** What to produce **
Go through the material and copy each line in which the word "sqrt" shows up.

━━ Data provided

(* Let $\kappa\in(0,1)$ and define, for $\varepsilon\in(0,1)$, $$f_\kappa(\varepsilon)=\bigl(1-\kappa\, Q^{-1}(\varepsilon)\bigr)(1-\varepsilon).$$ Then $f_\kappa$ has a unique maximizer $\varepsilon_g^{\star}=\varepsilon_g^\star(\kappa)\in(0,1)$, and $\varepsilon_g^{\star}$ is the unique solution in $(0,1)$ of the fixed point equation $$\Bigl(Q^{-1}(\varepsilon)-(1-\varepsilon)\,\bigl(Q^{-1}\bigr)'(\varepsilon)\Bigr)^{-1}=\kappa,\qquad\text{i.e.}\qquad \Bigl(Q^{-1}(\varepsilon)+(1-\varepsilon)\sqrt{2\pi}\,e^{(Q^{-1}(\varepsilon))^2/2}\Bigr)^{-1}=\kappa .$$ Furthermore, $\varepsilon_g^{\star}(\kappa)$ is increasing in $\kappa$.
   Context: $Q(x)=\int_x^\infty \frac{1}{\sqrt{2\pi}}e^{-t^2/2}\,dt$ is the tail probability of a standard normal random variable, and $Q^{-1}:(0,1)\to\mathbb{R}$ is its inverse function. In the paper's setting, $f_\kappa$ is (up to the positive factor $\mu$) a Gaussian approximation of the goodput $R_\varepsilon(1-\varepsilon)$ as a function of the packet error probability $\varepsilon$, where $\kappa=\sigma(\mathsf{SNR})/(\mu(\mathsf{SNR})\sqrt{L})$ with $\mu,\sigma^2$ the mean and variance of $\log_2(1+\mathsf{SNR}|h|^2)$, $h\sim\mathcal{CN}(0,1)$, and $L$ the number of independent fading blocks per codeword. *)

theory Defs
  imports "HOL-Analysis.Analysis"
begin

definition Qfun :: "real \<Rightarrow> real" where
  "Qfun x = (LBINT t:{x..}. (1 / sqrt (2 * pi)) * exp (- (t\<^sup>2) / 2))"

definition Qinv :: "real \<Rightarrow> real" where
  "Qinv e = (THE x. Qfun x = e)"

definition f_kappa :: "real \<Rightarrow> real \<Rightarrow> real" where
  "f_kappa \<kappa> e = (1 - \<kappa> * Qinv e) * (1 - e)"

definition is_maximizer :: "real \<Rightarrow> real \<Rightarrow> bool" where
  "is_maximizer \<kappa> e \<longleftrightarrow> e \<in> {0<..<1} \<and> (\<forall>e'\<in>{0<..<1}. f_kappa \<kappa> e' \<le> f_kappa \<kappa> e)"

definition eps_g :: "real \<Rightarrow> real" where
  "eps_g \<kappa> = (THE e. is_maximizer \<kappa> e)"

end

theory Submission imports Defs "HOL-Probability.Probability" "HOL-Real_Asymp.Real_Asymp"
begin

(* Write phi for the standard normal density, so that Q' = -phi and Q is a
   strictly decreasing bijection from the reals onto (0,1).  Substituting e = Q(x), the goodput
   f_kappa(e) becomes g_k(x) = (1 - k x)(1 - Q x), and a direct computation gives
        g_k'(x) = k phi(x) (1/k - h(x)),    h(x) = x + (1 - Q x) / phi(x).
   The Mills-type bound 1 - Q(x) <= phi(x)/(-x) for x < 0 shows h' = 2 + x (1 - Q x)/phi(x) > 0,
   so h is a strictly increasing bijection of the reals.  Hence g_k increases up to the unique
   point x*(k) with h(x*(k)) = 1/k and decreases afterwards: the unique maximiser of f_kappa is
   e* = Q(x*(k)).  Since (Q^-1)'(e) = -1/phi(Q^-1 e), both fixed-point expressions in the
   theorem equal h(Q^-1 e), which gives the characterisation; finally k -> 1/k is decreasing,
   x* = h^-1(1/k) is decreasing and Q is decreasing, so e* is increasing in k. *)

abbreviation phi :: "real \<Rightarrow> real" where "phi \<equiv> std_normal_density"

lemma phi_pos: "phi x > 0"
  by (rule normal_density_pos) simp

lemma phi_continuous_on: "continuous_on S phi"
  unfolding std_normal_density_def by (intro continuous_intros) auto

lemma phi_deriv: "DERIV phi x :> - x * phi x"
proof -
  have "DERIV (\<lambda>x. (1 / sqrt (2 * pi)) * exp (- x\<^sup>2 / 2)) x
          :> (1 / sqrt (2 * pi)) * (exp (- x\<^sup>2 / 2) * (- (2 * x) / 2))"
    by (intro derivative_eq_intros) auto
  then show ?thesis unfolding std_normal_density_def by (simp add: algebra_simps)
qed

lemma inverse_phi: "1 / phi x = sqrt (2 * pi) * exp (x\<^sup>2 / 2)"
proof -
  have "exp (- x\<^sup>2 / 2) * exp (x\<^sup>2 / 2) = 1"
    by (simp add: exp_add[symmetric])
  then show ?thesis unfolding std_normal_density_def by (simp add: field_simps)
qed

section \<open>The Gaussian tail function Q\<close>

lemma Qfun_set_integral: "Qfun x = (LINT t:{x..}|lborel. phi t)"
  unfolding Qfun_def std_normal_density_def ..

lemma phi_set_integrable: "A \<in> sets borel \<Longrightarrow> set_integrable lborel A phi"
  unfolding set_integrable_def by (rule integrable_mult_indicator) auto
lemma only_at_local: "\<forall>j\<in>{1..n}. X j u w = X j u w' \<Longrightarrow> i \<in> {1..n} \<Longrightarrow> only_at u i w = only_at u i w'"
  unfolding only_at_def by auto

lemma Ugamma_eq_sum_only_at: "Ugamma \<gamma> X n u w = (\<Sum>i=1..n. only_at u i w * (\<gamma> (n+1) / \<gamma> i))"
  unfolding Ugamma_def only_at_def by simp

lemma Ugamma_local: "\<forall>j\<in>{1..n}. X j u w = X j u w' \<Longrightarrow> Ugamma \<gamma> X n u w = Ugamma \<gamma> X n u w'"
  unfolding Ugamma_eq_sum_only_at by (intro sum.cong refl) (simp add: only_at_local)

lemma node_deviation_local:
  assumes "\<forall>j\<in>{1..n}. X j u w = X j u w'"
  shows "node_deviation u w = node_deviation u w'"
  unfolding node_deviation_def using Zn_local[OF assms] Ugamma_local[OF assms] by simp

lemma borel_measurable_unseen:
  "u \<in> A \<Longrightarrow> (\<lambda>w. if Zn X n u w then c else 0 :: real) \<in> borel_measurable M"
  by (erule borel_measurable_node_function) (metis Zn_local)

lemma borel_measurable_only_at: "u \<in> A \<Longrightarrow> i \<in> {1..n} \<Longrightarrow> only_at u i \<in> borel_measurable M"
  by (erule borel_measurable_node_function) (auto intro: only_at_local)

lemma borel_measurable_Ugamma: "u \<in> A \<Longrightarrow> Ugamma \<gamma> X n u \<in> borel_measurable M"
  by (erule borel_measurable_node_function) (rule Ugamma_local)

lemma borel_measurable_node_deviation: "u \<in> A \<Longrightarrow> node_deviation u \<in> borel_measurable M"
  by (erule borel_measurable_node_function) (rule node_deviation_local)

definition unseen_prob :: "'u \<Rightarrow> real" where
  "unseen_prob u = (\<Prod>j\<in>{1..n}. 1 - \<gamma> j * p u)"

━━━━

** Solution for this problem **
(* Let $\kappa\in(0,1)$ and define, for $\varepsilon\in(0,1)$, $$f_\kappa(\varepsilon)=\bigl(1-\kappa\, Q^{-1}(\varepsilon)\bigr)(1-\varepsilon).$$ Then $f_\kappa$ has a unique maximizer $\varepsilon_g^{\star}=\varepsilon_g^\star(\kappa)\in(0,1)$, and $\varepsilon_g^{\star}$ is the unique solution in $(0,1)$ of the fixed point equation $$\Bigl(Q^{-1}(\varepsilon)-(1-\varepsilon)\,\bigl(Q^{-1}\bigr)'(\varepsilon)\Bigr)^{-1}=\kappa,\qquad\text{i.e.}\qquad \Bigl(Q^{-1}(\varepsilon)+(1-\varepsilon)\sqrt{2\pi}\,e^{(Q^{-1}(\varepsilon))^2/2}\Bigr)^{-1}=\kappa .$$ Furthermore, $\varepsilon_g^{\star}(\kappa)$ is increasing in $\kappa$.
   Context: $Q(x)=\int_x^\infty \frac{1}{\sqrt{2\pi}}e^{-t^2/2}\,dt$ is the tail probability of a standard normal random variable, and $Q^{-1}:(0,1)\to\mathbb{R}$ is its inverse function. In the paper's setting, $f_\kappa$ is (up to the positive factor $\mu$) a Gaussian approximation of the goodput $R_\varepsilon(1-\varepsilon)$ as a function of the packet error probability $\varepsilon$, where $\kappa=\sigma(\mathsf{SNR})/(\mu(\mathsf{SNR})\sqrt{L})$ with $\mu,\sigma^2$ the mean and variance of $\log_2(1+\mathsf{SNR}|h|^2)$, $h\sim\mathcal{CN}(0,1)$, and $L$ the number of independent fading blocks per codeword. *)
  "Qfun x = (LBINT t:{x..}. (1 / sqrt (2 * pi)) * exp (- (t\<^sup>2) / 2))"
  have "DERIV (\<lambda>x. (1 / sqrt (2 * pi)) * exp (- x\<^sup>2 / 2)) x
          :> (1 / sqrt (2 * pi)) * (exp (- x\<^sup>2 / 2) * (- (2 * x) / 2))"
lemma inverse_phi: "1 / phi x = sqrt (2 * pi) * exp (x\<^sup>2 / 2)"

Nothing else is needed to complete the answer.